Taxpayer Group Applauds Bloomberg's Spending Restraint While Warning Against Regressive Tax Increase

2/15/2002

From: Eric V. Schlecht or Jerry Terry, 703-683-5700, both of the National Taxpayers Union

ALEXANDRIA, Va., Feb. 15 -- The National Taxpayers Union (NTU), the nation's oldest and largest taxpayer advocacy group, today announced its support for the budget cuts contained in Mayor Bloomberg's budget, but warned against returning to a failed tax policy that hurts the poor, does nothing to decrease smoking, and likely won't increase revenues. The group, with 335,000 members nationwide and over 23,000 members in New York state, specifically opposes the Mayor's proposal to raise the city's cigarette tax by $1.42 a pack.

Stating his group's intention to oppose the tax increase, NTU Director of Congressional Relations Eric V. Schlecht noted that "the arguments regarding cigarette taxes have been rehashed several times in the past few years, thanks in large part to consistent demands for higher and higher taxes on this legal, yet politically incorrect product. Each time the subject is broached, the facts point to the same conclusions -- cigarette taxes are an ineffective deterrent to smoking, inherently unfair, regressive, and a further burden on an already overtaxed citizenry."

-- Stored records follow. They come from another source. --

lemma walk_Cons:
  "walk G (x # p) \<longleftrightarrow> x \<in> verts G \<and> (p = [] \<or> (walk G p \<and> (x, hd p) \<in> edges G))"
proof (cases p)
  case Nil
  then show ?thesis by (auto simp: walk_def)
next
  case (Cons y q)
  show ?thesis
  proof
    assume w: "walk G (x # p)"
    have "(p ! i, p ! Suc i) \<in> edges G" if "Suc i < length p" for i
      using w that unfolding walk_def by (metis Suc_less_eq length_Cons nth_Cons_Suc)
    moreover have "(x, hd p) \<in> edges G" using w Cons unfolding walk_def by force
    ultimately show "x \<in> verts G \<and> (p = [] \<or> (walk G p \<and> (x, hd p) \<in> edges G))"
      using w Cons unfolding walk_def by auto
  next
    assume h: "x \<in> verts G \<and> (p = [] \<or> (walk G p \<and> (x, hd p) \<in> edges G))"
    then have wp: "walk G p" and e: "(x, hd p) \<in> edges G" using Cons by auto
    show "walk G (x # p)" unfolding walk_def
    proof (intro conjI allI impI)
      show "x # p \<noteq> []" by simp
      show "set (x # p) \<subseteq> verts G" using h wp by (auto simp: walk_def)
      fix i assume "Suc i < length (x # p)"
      then show "((x # p) ! i, (x # p) ! Suc i) \<in> edges G"
        using wp e Cons by (cases i) (auto simp: walk_def)
    qed
  qed
qed

lemma walk_append:
  assumes "walk G p" "walk G q" "last p = hd q"
  shows "walk G (p @ tl q)"
  using assms
proof (induction p)
  case Nil then show ?case by (simp add: walk_def)
next
  case (Cons x p)
  show ?case
  proof (cases p)
    case Nil
    then show ?thesis using Cons.prems by (cases q) auto
  next
    case (Cons y r)
    then have "walk G p" "(x, y) \<in> edges G" "x \<in> verts G" using Cons.prems by (auto simp: walk_Cons)
    moreover have "last p = hd q" using Cons.prems \<open>p = y # r\<close> by simp
    ultimately have "walk G (p @ tl q)" using Cons.IH Cons.prems by blast
    then show ?thesis using \<open>p = y # r\<close> \<open>(x, y) \<in> edges G\<close> \<open>x \<in> verts G\<close>
      by (simp add: walk_Cons)
  qed
qed

lemma last_append_tl: "p \<noteq> [] \<Longrightarrow> q \<noteq> [] \<Longrightarrow> last p = hd q \<Longrightarrow> last (p @ tl q) = last q"
  by (cases q) auto

lemma walk_rev:
  assumes "graph G" "walk G p"
  shows "walk G (rev p)"
  unfolding walk_def
proof (intro conjI allI impI)
  show "rev p \<noteq> []" "set (rev p) \<subseteq> verts G" using assms(2) by (auto simp: walk_def)
  fix i assume i: "Suc i < length (rev p)"
  let ?n = "length p"
  have "Suc (?n - Suc (Suc i)) < ?n" using i by simp
  then have "(p ! (?n - Suc (Suc i)), p ! Suc (?n - Suc (Suc i))) \<in> edges G"
    using assms(2) unfolding walk_def by blast
  moreover have "Suc (?n - Suc (Suc i)) = ?n - Suc i" using i by simp
  ultimately have "(p ! (?n - Suc (Suc i)), p ! (?n - Suc i)) \<in> edges G" by simp
  then show "(rev p ! i, rev p ! Suc i) \<in> edges G"
    using assms(1) i unfolding graph_def by (simp add: rev_nth symD)
qed

lemma walk_take: "walk G p \<Longrightarrow> 0 < n \<Longrightarrow> walk G (take n p)"
  unfolding walk_def by (auto dest: in_set_takeD)

lemma walk_drop: "walk G p \<Longrightarrow> n < length p \<Longrightarrow> walk G (drop n p)"
  unfolding walk_def by (auto dest: in_set_dropD)

lemma walk_crosses:
  assumes "walk G p" "P (hd p)" "\<not> P (last p)"
  shows "\<exists>u v. (u, v) \<in> edges G \<and> P u \<and> \<not> P v"
  using assms
proof (induction p)
  case Nil then show ?case by (simp add: walk_def)
next
  case (Cons x p)
  show ?case
  proof (cases p)
    case Nil then show ?thesis using Cons.prems by simp
  next
    case (Cons y q)
    then have "walk G p" "(x, y) \<in> edges G" using Cons.prems by (auto simp: walk_Cons)
    then show ?thesis using Cons.IH Cons.prems \<open>p = y # q\<close> by (cases "P y") auto
  qed
qed

lemma reach_refl: "x \<in> verts G \<Longrightarrow> reach G x x"
  unfolding reach_def by (rule exI[of _ "[x]"]) (simp add: walk_def)

lemma reach_trans: "reach G x y \<Longrightarrow> reach G y z \<Longrightarrow> reach G x z"
  unfolding reach_def
proof (elim exE conjE)
  fix p q assume "walk G p" "hd p = x" "last p = y" "walk G q" "hd q = y" "last q = z"
  then show "\<exists>p. walk G p \<and> hd p = x \<and> last p = z"
    using walk_nonempty[of G p] walk_nonempty[of G q]
    by (intro exI[of _ "p @ tl q"]) (auto simp: walk_append last_append_tl)
qed

lemma reach_sym: "graph G \<Longrightarrow> reach G x y \<Longrightarrow> reach G y x"
  unfolding reach_def by (metis walk_rev walk_nonempty hd_rev last_rev)

lemma reach_verts: "reach G x y \<Longrightarrow> x \<in> verts G \<and> y \<in> verts G"
  unfolding reach_def using walk_hd walk_last by blast

lemma reach_edge: "graph G \<Longrightarrow> (x, y) \<in> edges G \<Longrightarrow> reach G x y"
  unfolding reach_def graph_def
  by (rule exI[of _ "[x, y]"]) (auto simp: walk_def less_Suc_eq)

Schlecht noted that the claims that tax hikes are needed to offset the costs to society caused by smoking is a ruse. "The Congressional Research Service and Harvard University have shown that tobacco taxes are already so high that they more than pay for the costs that smoking imposes on society."

"Furthermore, the Mayor's quest for more and more revenue at the cost of a politically incorrect segment of the community may actually backfire," Schlecht stated. "The fact is, excessive tobacco taxes can actually reduce revenues."

Schlecht pointed out that in the 1980s Canada began a series of massive tax increases on cigarettes. By 1994, the price of a carton of cigarettes was $46. The sharp increase in taxes triggered an equally alarming increase in smuggling and the black market.

"After the massive tax increase, nearly one-third of the cigarette market in Canada was contraband -- unregulated and untaxed. In 1993 alone, smuggling cost the Canadian federal and provincial governments $2 billion."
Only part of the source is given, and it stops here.